Gordon Harding didn't ask for the life he has. He didn't ask to be orphaned. He didn't ask to go through life with cancer. And he certainly didn't ask to be pulled into a future world without warning - a world where every human being is controlled by means of a medical implant.
And when he learns that he's the only one who can destroy the base of operations, he's faced with an impossibly painful choice: either hide and let the world decay under this mysterious futuristic force, or rescue humanity from oppression, knowing that there's someone out there who is willing to use any means necessary to stop him.
Members Reviews:
Control and health, or freedom and death?
I may not have been the intended audience for this book. The pacing is good and the lack of typos and the presence of good grammar and syntax was relaxing. What I found jarring though, was that the story is told from the point of view of an eighteen or nineteen-year-old man, but the voice is that of an eight to eleven-year-old boy.
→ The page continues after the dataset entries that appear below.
(* Let $V\subseteq\mathcal V$ be finite, $\mathcal E,\mathcal F\in\mathit{DProg}(V)$, and $V'\subseteq\mathcal V$ with $|V'|=|V|$ and $V\cap V'=\emptyset$. Then (1) $\mathcal E\le_T^e\mathcal F$ iff $\mathcal F\models_{tot}(\mathcal E^\dagger(\Omega_{V,V'}),\Omega_{V,V'})$; (2) $\mathcal E\le_P^e\mathcal F$ iff $\mathcal F\models_{par}(I-\mathcal E^\dagger(\Omega_{V,V'}),\,I-\Omega_{V,V'})$.
   Context: $\mathcal V$ is a countably infinite set of qubit variables; $\mathcal H_V=\bigotimes_{q\in V}\mathcal H_q$ for finite $V$. $\mathcal D(\mathcal H)$: partial density operators; $\mathcal P(\mathcal H)$: effects; $\mathit{DProg}(V)$: completely positive trace-nonincreasing super-operators on $\mathcal L(\mathcal H_V)$. $\mathcal E^\dagger$ is the adjoint of $\mathcal E$: ${\rm tr}(\mathcal E(A)B)={\rm tr}(A\mathcal E^\dagger(B))$ for all $A,B$. Operators/super-operators on subsystems are implicitly extended by tensoring with identities. With $d=2^{|V|}$ and orthonormal bases $\{|i\rangle_V\}$, $\{|i\rangle_{V'}\}$, $\Omega_{V,V'}=|\omega\rangle\langle\omega|$ where $|\omega\rangle=\frac1{\sqrt d}\sum_{i=0}^{d-1}|i\rangle_V|i\rangle_{V'}$, and $I$ is the identity on $\mathcal H_V\otimes\mathcal H_{V'}$. (In the paper's notation, $\mathcal E^\dagger(N)=wp.\mathcal E.N$ and $I-\mathcal E^\dagger(I-N)=wlp.\mathcal E.N$, so the specification in (2) is $(wlp.\mathcal E.(I-\Omega),I-\Omega)$.) For finite $W$ and $M,N\in\mathcal P(\mathcal H_W)$, $\mathcal E\models_{tot}(M,N)$ iff for all finite $X\supseteq V\cup W$ and $\rho\in\mathcal D(\mathcal H_X)$, ${\rm tr}(M\rho)\le{\rm tr}(N\mathcal E(\rho))$; $\mathcal E\models_{par}(M,N)$ iff for all such $X,\rho$, ${\rm tr}(M\rho)\le{\rm tr}(N\mathcal E(\rho))+{\rm tr}(\rho)-{\rm tr}(\mathcal E(\rho))$. $\mathcal E\le_T^e\mathcal F$ (resp. $\le_P^e$) iff for every finite $W$ and $M,N\in\mathcal P(\mathcal H_W)$, $\mathcal E\models_{tot}(M,N)\Rightarrow\mathcal F\models_{tot}(M,N)$ (resp. with $\models_{par}$). *)

theory Defs
  imports Complex_Main "HOL-Library.Complex_Order"
begin

text \<open>A computational basis state of the register X is an assignment
  s :: nat => bool that is False outside X.  An operator on H_X is a
  matrix indexed by such assignments; entries outside the register are 0.\<close>

type_synonym asgn = "nat \<Rightarrow> bool"
type_synonym op = "asgn \<Rightarrow> asgn \<Rightarrow> complex"
type_synonym vec = "asgn \<Rightarrow> complex"

definition asg :: "nat set \<Rightarrow> asgn set" where
  "asg X = {s. \<forall>q. q \<notin> X \<longrightarrow> \<not> s q}"

definition restr :: "nat set \<Rightarrow> asgn \<Rightarrow> asgn" where
  "restr X s = (\<lambda>q. q \<in> X \<and> s q)"

definition ops :: "nat set \<Rightarrow> op set" where
  "ops X = {A. \<forall>s t. (s \<notin> asg X \<or> t \<notin> asg X) \<longrightarrow> A s t = 0}"

definition tr :: "nat set \<Rightarrow> op \<Rightarrow> complex" where
  "tr X A = (\<Sum>s\<in>asg X. A s s)"

definition mult :: "nat set \<Rightarrow> op \<Rightarrow> op \<Rightarrow> op" where
  "mult X A B = (\<lambda>s t. \<Sum>u\<in>asg X. A s u * B u t)"

definition idop :: "nat set \<Rightarrow> op" where
  "idop X = (\<lambda>s t. if s \<in> asg X \<and> s = t then 1 else 0)"

definition minus_op :: "op \<Rightarrow> op \<Rightarrow> op" where
  "minus_op A B = (\<lambda>s t. A s t - B s t)"

definition psd :: "nat set \<Rightarrow> op \<Rightarrow> bool" where
  "psd X A \<longleftrightarrow> A \<in> ops X \<and>
     (\<forall>\<psi> :: vec. 0 \<le> (\<Sum>s\<in>asg X. \<Sum>t\<in>asg X. cnj (\<psi> s) * A s t * \<psi> t))"

definition dens :: "nat set \<Rightarrow> op set" where
  "dens X = {\<rho>. psd X \<rho> \<and> Re (tr X \<rho>) \<le> 1}"

definition effects :: "nat set \<Rightarrow> op set" where
  "effects X = {M. psd X M \<and> psd X (minus_op (idop X) M)}"

text \<open>Extension of an operator A on H_W to H_X (W \<subseteq> X): A \<otimes> I_{X-W}.\<close>
definition extOp :: "nat set \<Rightarrow> nat set \<Rightarrow> op \<Rightarrow> op" where
  "extOp X W A = (\<lambda>s t. if s \<in> asg X \<and> t \<in> asg X \<and> (\<forall>q\<in>X - W. s q = t q)
                        then A (restr W s) (restr W t) else 0)"

text \<open>Extension of a super-operator E on L(H_V) to L(H_X) (V \<subseteq> X):
  E \<otimes> id_{X-V}, defined blockwise: writing rho = \<Sum>_{a,b} rho_{ab} \<otimes> |a><b|
  with a, b basis states of X-V, the result is \<Sum>_{a,b} E(rho_{ab}) \<otimes> |a><b|.\<close>
definition block :: "nat set \<Rightarrow> op \<Rightarrow> asgn \<Rightarrow> asgn \<Rightarrow> op" where
  "block V \<rho> a b = (\<lambda>u w. if u \<in> asg V \<and> w \<in> asg V
       then \<rho> (\<lambda>q. if q \<in> V then u q else a q) (\<lambda>q. if q \<in> V then w q else b q) else 0)"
Because of the constant action, I suspect the perfect reader for this book is a grade school or junior high boy.
The book opens with a scene I would have considered to be wildly improbable if I hadn't been on enough autism forums to find out there are bullies out there who act exactly as the characters in this book behaved. And when a character came down with a disease that is fairly easily managed, I was surprised to see it talked about as if it were fatal. Ah, but it's a variant of chronic leukemia that is lethal. Okay.
I found the logistics of the premise improbable (the cost of tracking down and managing seven billion people on this planet far outstrip the ability of anybody or any country or any coalition to accomplish) but I've seen far wilder premises that were easily accepted. The premise did make sense for a first-world country with wide-spread medical capacity (and it's possible that is all the author intended for the story to be about.)
So I had niggles here and there that made this a three star for me. But I also need to say this about the book. The best thing about this book was that this reader honestly had no idea what was going to happen next. After decades of reading science fiction, I've grown a bit jaded about obvious plot points, so that was refreshing. I'm looking forward to following the career of this writer and have already purchased another book by her.
A clean, fairly mellow dystopian thriller
This book is pretty good at being exactly what it advertises itself to be: A clean, fairly mellow dystopian thriller. If you are looking for a "Christian" novel, move on - nothing to see here. God is not mentioned in Implant. At best, this book teaches us that compassion and freedom are supremely important, and that the former is necessary in order to preserve the latter. After I had read it, I felt like I had watched a really good secular movie. (O thou creature of vanishing rarity!) But it didn't inspire me to glorify God, or make me think on the things of Christ.
The lack of a âChristianâ message is not why I gave the book three stars instead of four. I wasn't expecting one, and wouldn't require the book to be something I already knew it wasn't. Implant is a two-way time travel story, and in such stories, some logical issues are unavoidable.